Somewhere between the hot dog stand and the I-94 overpass over Dolton Avenue, the dump rose up. Unaware that the dump was up, Smith proceeded under the overpass and struck the face of the bridge. The force of the impact separated the truck's front and rear axles and the cab from the trailer. The trailer was so severely damaged that it could never be used again.
Steve Kakavas, a civil engineer for the Department before his retirement, testified that the Dolton Avenue bridge is a multi-beam continuous span bridge running north-south over Dolton Avenue. A beam has three parts, two flanges and a web. The flanges are the top and bottom steel plates of the beam, and the connecting plate is the web, also made of steel. The flanges lie horizontally on the web, and the web stands vertically between the flanges.
The Dolton Avenue bridge has six beams, numbered from west to east. The first beam on the west side is beam number one. This beam is also known as the west fascia beam. Thus, the west fascia beam would be the first beam encountered by eastbound traffic driving under the Dolton Avenue bridge. It is covered by a decorative plate, known as the west fascia plate, to give it a smooth appearance.

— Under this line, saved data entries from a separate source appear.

(* Let $W$ and $V$ be two B-DMCs such that $\lvert\Delta_{V}\rvert \prec_{icx} \lvert\Delta_{W}\rvert$. Then for any $\epsilon\in(0,1)$ and any function $\phi:[0,1]\to\mathbb{R}$ that is convex and increasing on $[0,1]$ with $\phi(0)=0$ and $\phi(1)=1$, we have $\mathcal{A}_{N}^{\phi,\epsilon}(V)\subset\mathcal{A}_{N}^{\phi,\epsilon}(W)$ for all $N=2^n$, $n\ge 1$.
   Context: For a binary-input discrete memoryless channel (B-DMC) $W:\{0,1\}\to\mathcal{Y}$, let $q_W(y)=\tfrac12(W(y|0)+W(y|1))$ and, for $q_W(y)>0$, $\Delta_W(y)=\frac{W(y|0)-W(y|1)}{W(y|0)+W(y|1)}$; $\Delta_W$ denotes the random variable $\Delta_W(Y)$ with $Y\sim q_W$. The polarization transforms are $W^-(y_1y_2|u_1)=\sum_{u_2\in\{0,1\}}\tfrac12 W(y_1|u_1\oplus u_2)W(y_2|u_2)$ (a channel $\{0,1\}\to\mathcal{Y}^2$) and $W^+(y_1y_2u_1|u_2)=\tfrac12 W(y_1|u_1\oplus u_2)W(y_2|u_2)$ (a channel $\{0,1\}\to\mathcal{Y}^2\times\{0,1\}$). For $s=(s_1,\dots,s_n)\in\{+,-\}^n$, $W^s$ is defined recursively by $W^{s_1\cdots s_n}=(W^{s_1\cdots s_{n-1}})^{s_n}$. For $\phi$ convex increasing on $[0,1]$ with $\phi(0)=0,\phi(1)=1$ and $\epsilon\in(0,1)$, the information set is $\mathcal{A}_{N}^{\phi,\epsilon}(W)=\{s\in\{+,-\}^n:\mathbb{E}[\phi(\lvert\Delta_{W^s}\rvert)]\ge 1-\epsilon\}$, $N=2^n$. For real random variables, $X\prec_{icx}Y$ means $\mathbb{E}[\psi(X)]\le\mathbb{E}[\psi(Y)]$ for every increasing convex $\psi$ for which the expectations exist. *)

theory Defs
  imports "HOL-Probability.Probability"
begin

text \<open>Bits: 0 = False, 1 = True; XOR is (\<noteq>).
 A B-DMC with output alphabet 'y is a map bool \<Rightarrow> 'y pmf (W u = law of the output given input u).\<close>

type_synonym 'y bdmc = "bool \<Rightarrow> 'y pmf"

definition is_bdmc :: "'y bdmc \<Rightarrow> bool" where
  "is_bdmc W \<longleftrightarrow> finite (set_pmf (W False)) \<and> finite (set_pmf (W True))"

text \<open>Output alphabet of polarized channels: Base y (original outputs),
 MinusOut y1 y2 (outputs of W^-), PlusOut y1 y2 u1 (outputs of W^+).\<close>
datatype 'y pout = Base 'y | MinusOut "'y pout" "'y pout" | PlusOut "'y pout" "'y pout" bool

datatype polsign = SPlus | SMinus

definition lift_ch :: "'y bdmc \<Rightarrow> 'y pout bdmc" where
  "lift_ch W = (\<lambda>u. map_pmf Base (W u))"

definition minus_ch :: "'y pout bdmc \<Rightarrow> 'y pout bdmc" where
  "minus_ch W = (\<lambda>u1. bind_pmf (bernoulli_pmf (1/2)) (\<lambda>u2.
      bind_pmf (W (u1 \<noteq> u2)) (\<lambda>y1. map_pmf (\<lambda>y2. MinusOut y1 y2) (W u2))))"

definition plus_ch :: "'y pout bdmc \<Rightarrow> 'y pout bdmc" where
  "plus_ch W = (\<lambda>u2. bind_pmf (bernoulli_pmf (1/2)) (\<lambda>u1.
      bind_pmf (W (u1 \<noteq> u2)) (\<lambda>y1. map_pmf (\<lambda>y2. PlusOut y1 y2 u1) (W u2))))"

definition pol_step :: "'y pout bdmc \<Rightarrow> polsign \<Rightarrow> 'y pout bdmc" where
  "pol_step W c = (case c of SPlus \<Rightarrow> plus_ch W | SMinus \<Rightarrow> minus_ch W)"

The Dolton Avenue bridge was normally inspected yearly. It, along with other bridges, was also inspected after accidents. Kakavas inspected bridges both in annual rotation and after accidents, and part of his duties included providing an estimate of repair costs. He inspected the bridge in question both before and after Smith's accident. In his inspection report of March 11, 1980, before the accident, he noted that the west fascia beam and the beam immediately behind it (the second beam) had their bottom flanges bent. There was also some damage tothe web of the west fascia beam. The fourth beam was also bent about three inches out of line. Kakavas noted no damage to the west fascia plate in his 1980 report, although there were some rust holes due to normal wear. The 1980 report did not recommend replacement of the west fascia beam or any other beam. Kakavas estimated in the 1980 report that there was $75,000 worth of damage to the bridge.
Kakavas inspected the Dolton Avenue bridge again on January 9, 1981, the day after Smith's accident. In his 1981 report, he noted that both the west fascia cover plate and the web of the west fascia beam were bent. There was no change in the condition of the second beam, but the fourth beam was then out of line by four inches instead of three inches. The sixth beam also had an additional flange dent. The 1981 report recommended replacement of the west fascia beam.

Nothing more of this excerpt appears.